State v. Vance
This text of 22 So. 310 (State v. Vance) is published on Counsel Stack Legal Research, covering Supreme Court of Louisiana primary law. Counsel Stack provides free access to over 12 million legal documents including statutes, case law, regulations, and constitutions.
Opinion
The opinion of the court was delivered by
The defendant appeals from the sentence of shooting with intentto kill.

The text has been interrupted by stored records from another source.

lemma set_integral_Ioi_pos:
  fixes f :: "real \<Rightarrow> real"
  assumes int: "set_integrable lborel {0<..} f"
    and nonneg: "\<And>x. 0 < x \<Longrightarrow> 0 \<le> f x"
    and tail: "AE x in lborel. c < x \<longrightarrow> 0 < f x"
  shows "0 < (LINT x:{0<..}|lborel. f x)"
proof -
  let ?d = "max c 0 + 1"
  have "(LINT x:{0<..}|lborel. f x) \<noteq> 0"
  proof
    assume "(LINT x:{0<..}|lborel. f x) = 0"
    then have "AE x in lborel. indicator {0<..} x * f x = 0"
      using int nonneg unfolding set_integrable_def set_lebesgue_integral_def
      by (subst integral_nonneg_eq_0_iff_AE[symmetric]) (auto simp: indicator_def)
    then have "AE x in lborel. x \<notin> {?d..?d + 1}"
      using tail by eventually_elim (auto simp: indicator_def)
    then have "emeasure lborel {?d..?d + 1} = 0"
      by (subst (asm) AE_iff_measurable[of "{?d..?d + 1}"]) auto
    then show False by simp
  qed
  moreover have "0 \<le> (LINT x:{0<..}|lborel. f x)"
    unfolding set_lebesgue_integral_def using nonneg
    by (intro integral_nonneg_AE AE_I2) (auto simp: indicator_def)
  ultimately show ?thesis by linarith
qed

lemma set_integral_substitution_Ioi:
  fixes f Z Z' :: "real \<Rightarrow> real"
  assumes "\<And>x. 0 < x \<Longrightarrow> (Z has_real_derivative Z' x) (at x)"
    and "\<And>x. 0 < x \<Longrightarrow> isCont Z' x"
    and "\<And>x. 0 \<le> x \<Longrightarrow> 0 \<le> Z' x"
    and "\<And>x. 0 < x \<Longrightarrow> isCont f (Z x)"
    and "\<And>x. 0 < x \<Longrightarrow> 0 \<le> f (Z x)"
    and lim_0: "(Z \<longlongrightarrow> 0) (at_right 0)"
    and lim_top: "filterlim Z at_top at_top"
    and "set_integrable lborel {0<..} (\<lambda>x. f (Z x) * Z' x)"
  shows "set_integrable lborel {0<..} f"
    and "(LINT z:{0<..}|lborel. f z) = (LINT x:{0<..}|lborel. f (Z x) * Z' x)"
proof -
  have Ioi: "einterval 0 \<infinity> = {0::real<..}"
    by (auto simp: einterval_iff zero_ereal_def)
  have "((ereal \<circ> Z \<circ> real_of_ereal) \<longlongrightarrow> 0) (at_right 0)"
    using lim_0 by (simp add: zero_ereal_def ereal_tendsto_simps o_assoc[symmetric])
  moreover have "((ereal \<circ> Z \<circ> real_of_ereal) \<longlongrightarrow> \<infinity>) (at_left \<infinity>)"
  proof -
    have "LIM x at_left \<infinity>. Z (real_of_ereal x) :> at_top"
      unfolding at_left_PInf filterlim_filtermap using lim_top by (simp add: o_def)
    then show ?thesis
      by (subst o_assoc[symmetric], subst ereal_tendsto_simps2(2)) (simp add: o_def)
  qed
  ultimately have "set_integrable lborel (einterval 0 \<infinity>) f \<and>
      (LBINT z=0..\<infinity>. f z) = (LBINT x=0..\<infinity>. f (Z x) * Z' x)"
    using interval_integral_substitution_nonneg[of 0 \<infinity> Z Z' f 0 \<infinity>] assms Ioi
    by (auto simp: zero_ereal_def)
  then show "set_integrable lborel {0<..} f"
    and "(LINT z:{0<..}|lborel. f z) = (LINT x:{0<..}|lborel. f (Z x) * Z' x)"
    by (simp_all add: Ioi zero_ereal_def interval_integral_to_infinity_eq)
qed

lemma lipschitz_on_Ici_bound:
  fixes f :: "real \<Rightarrow> real"
  assumes "L-lipschitz_on {a..} f" "a \<le> x"
  shows "\<bar>f x\<bar> \<le> \<bar>f a\<bar> + L * (x - a)"
  using lipschitz_onD[OF assms(1), of x a] assms(2) by (auto simp: dist_real_def)

lemma isCont_if_lipschitz_on_Ici:
  fixes f :: "real \<Rightarrow> real"
  assumes "L-lipschitz_on {a..} f" "a < x"
  shows "isCont f x"
  using continuous_on_interior[OF lipschitz_on_continuous_on[OF assms(1)], of x] assms(2) by simp

lemma set_integrable_affine_times_exp:
  fixes \<mu> A B :: real
  assumes "0 < \<mu>"
  shows "set_integrable lborel {0<..} (\<lambda>x. (A + B * x) * exp (- \<mu> * x))"
proof (rule set_integrable_bound)
  let ?K = "\<bar>A\<bar> + \<bar>B\<bar> * (2 / \<mu>)"
  show "set_integrable lborel {0<..} (\<lambda>x. ?K * exp (- (x * (\<mu> / 2))))"
    using assms by (intro set_integrable_mult_right integrable_I0i_exp_mscale) auto
  show "set_borel_measurable lborel {0<..} (\<lambda>x. (A + B * x) * exp (- \<mu> * x))"
    unfolding set_borel_measurable_def by measurable
  show "AE x in lborel. x \<in> {0<..} \<longrightarrow>
      norm ((A + B * x) * exp (- \<mu> * x)) \<le> norm (?K * exp (- (x * (\<mu> / 2))))"
  proof (intro AE_I2 impI)
    fix x :: real assume "x \<in> {0<..}"
    let ?e = "exp (- (x * (\<mu> / 2)))"
    have "\<mu> * x / 2 \<le> exp (\<mu> * x / 2)"
      using exp_ge_add_one_self[of "\<mu> * x / 2"] by linarith
    then have "x * ?e \<le> 2 / \<mu>"
      using assms by (simp add: exp_minus field_simps)
    have "\<bar>A + B * x\<bar> * ?e \<le> (\<bar>A\<bar> + \<bar>B\<bar> * x) * ?e"
      using \<open>x \<in> {0<..}\<close> abs_triangle_ineq[of A "B * x"] by (intro mult_right_mono) (auto simp: abs_mult)
    also have "\<dots> = \<bar>A\<bar> * ?e + \<bar>B\<bar> * (x * ?e)"
      by (simp add: algebra_simps)
    also have "\<dots> \<le> ?K"
      using assms \<open>x \<in> {0<..}\<close> \<open>x * ?e \<le> 2 / \<mu>\<close>
      by (intro add_mono mult_left_mono) (auto intro: mult_left_le)
    finally have "\<bar>A + B * x\<bar> * ?e * ?e \<le> ?K * ?e"
      by (simp add: mult_right_mono)
    moreover have "exp (- \<mu> * x) = ?e * ?e"
      by (simp flip: exp_add)
    ultimately show "norm ((A + B * x) * exp (- \<mu> * x)) \<le> norm (?K * ?e)"
      by (simp add: abs_mult mult.assoc)
  qed
qed

locale growth_kernel =
  fixes \<mu> :: real and g :: "real \<Rightarrow> real"
  assumes mu_pos: "0 < \<mu>"
    and g_cont: "continuous_on {0..} g"
    and g_pos: "\<And>x. 0 \<le> x \<Longrightarrow> 0 < g x"
    and g_strict_decr: "\<And>x y. 0 \<le> x \<Longrightarrow> x < y \<Longrightarrow> g y < g x"
begin

text \<open>For a constant birth rate \<open>b\<close>, the argument of \<open>g\<close> in the renewal equation,
  \<open>exp (- \<mu> * (\<tau> - a)) * (\<integral>\<^sub>a\<^sup>\<infinity> exp (- \<mu> * s) * b ds)\<close>, equals \<open>pressure b \<tau>\<close>.\<close>

definition pressure :: "real \<Rightarrow> real \<Rightarrow> real" where
  "pressure b \<tau> = exp (- \<mu> * \<tau>) / \<mu> * b"

definition growth :: "real \<Rightarrow> real \<Rightarrow> real" where
  "growth b \<tau> = g (pressure b \<tau>)"

definition size_at :: "real \<Rightarrow> real \<Rightarrow> real" where
  "size_at b a = integral {0..a} (growth b)"

definition age_at :: "real \<Rightarrow> real \<Rightarrow> real" where
  "age_at b = inv_into {0..} (size_at b)"

definition size_density :: "real \<Rightarrow> real \<Rightarrow> real" where
  "size_density b z = \<mu> * pressure b (age_at b z) / growth b (age_at b z)"

lemma g_mono: "0 \<le> x \<Longrightarrow> x \<le> y \<Longrightarrow> g y \<le> g x"
  using g_strict_decr[of x y] by (cases "x = y") auto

The Legislature in 1890 amended the seven hundred and ninety - first section of the Revised Statutes, in reference to the crime of shooting with intent to murder. At the same time the act was passed making it an offence to shoot, stab or thrust with intent to kill. Acts Nos. 43 and 44 of 1890. The indictment charges shooting with intent to kill. The verdict is guilty with intent to kill. The objection to this verdict urged in arrest of judgment is that it is a special verdict, not certain, and hence insufficient to sustain the sentence, and does not respond to the indictment.

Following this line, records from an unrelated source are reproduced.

lemma kraus_vec_inner_nonzero: "0 < d \<Longrightarrow> (\<Sum>r<d. kraus_vec d m a r * cnj (kraus_vec d m b r)) \<noteq> 0"
  unfolding kraus_vec_inner of_real_eq_0_iff using simplex_vec_inner[of d a b] by simp

lemma kraus_vec_norm: "0 < d \<Longrightarrow> (\<Sum>r<d. kraus_vec d m a r * cnj (kraus_vec d m a r)) = of_real (1 / real (d + m))"
  unfolding kraus_vec_inner using simplex_vec_inner[of d a a] by simp

lemma kraus_vec_outer_sum:
  fixes d m :: nat
  assumes "0 < d" and "r < d" and "s < d"
  defines "p \<equiv> (real d + 1) / (real d + real m)"
  shows "(\<Sum>a<d + m. cnj (kraus_vec d m a r) * kraus_vec d m a s)
       = of_real ((if r = s then p / real d else 0) + (1 - p) / real d)"
proof -
  have "(\<Sum>a<d + m. cnj (kraus_vec d m a r) * kraus_vec d m a s)
      = of_real ((\<Sum>a<d + m. simplex_vec d a r * simplex_vec d a s) / real (d + m))"
    using kraus_vec_mult_cnj[of d m _ s _ r]
    by (simp only: mult.commute[of "cnj _"] sum_divide_distrib of_real_sum mult.commute[of "simplex_vec d _ s"])
  also have "\<dots> = of_real (((if r = s then (real d + 1) / real d else 0) + (real m - 1) / real d) / real (d + m))"
    by (simp only: simplex_vec_outer_sum[OF assms(1-3)])
  also have "((if r = s then (real d + 1) / real d else 0) + (real m - 1) / real d) / real (d + m)
      = (if r = s then p / real d else 0) + (1 - p) / real d"
  proof -
    have "1 - p = (real m - 1) / real (d + m)" unfolding p_def using assms(1) by (simp add: field_simps)
    then show ?thesis unfolding p_def
      by (simp add: add_divide_distrib divide_divide_eq_left mult.commute)
  qed
  finally show ?thesis .
qed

The verdict when special must, of course, contain the elements of an offence. 1 Bishop Crim. Law, 1006. Hence special verdicts not covering essentials of the crime have been set aside, and the argument for the defendant directs attention to the decisions of this character. State vs. Ritchie, 3 An. 512; State vs. Davis, 20 An. 354; State vs. Burdon, 38 An. 359; State vs. Hendricks, 38 An. 682. [1012]*1012If we are to treat this as a special verdict, it seems to us that the reasonable interpretation of its terms is guilty of shooting and stabbing with a dangerous weapon the person named in the indictment, with intent to kill. Guilty refers to the shooting charged, but the other words qualify the intent. The verdict thus interpreted is of the offence specified in the Act No. 44, of 1890. Such a verdict was held insufficient in one of the cases cited, but the decision was prior to the act of 1890, and when shooting with intent to kill was not an offence.
The objection that the verdict is not responsive to the indictment is answered by the well-settled rule that the verdict is good when it convicts for the lesser included in the greater offence charged. Shooting with intent to kill is the inferior included in the offence charged: Shooting with intent to murder. Acts 43 and 44 of 1890. Wharton’s Crim. Law, Sec. 384; State vs. Stouderman, 6 An. 289; State vs. De Laney, 28 An. 434; State vs. Jessie, 30 An. 1170.
It is therefore ordered, adjudged and decreed that the sentence of the lower court be affirmed.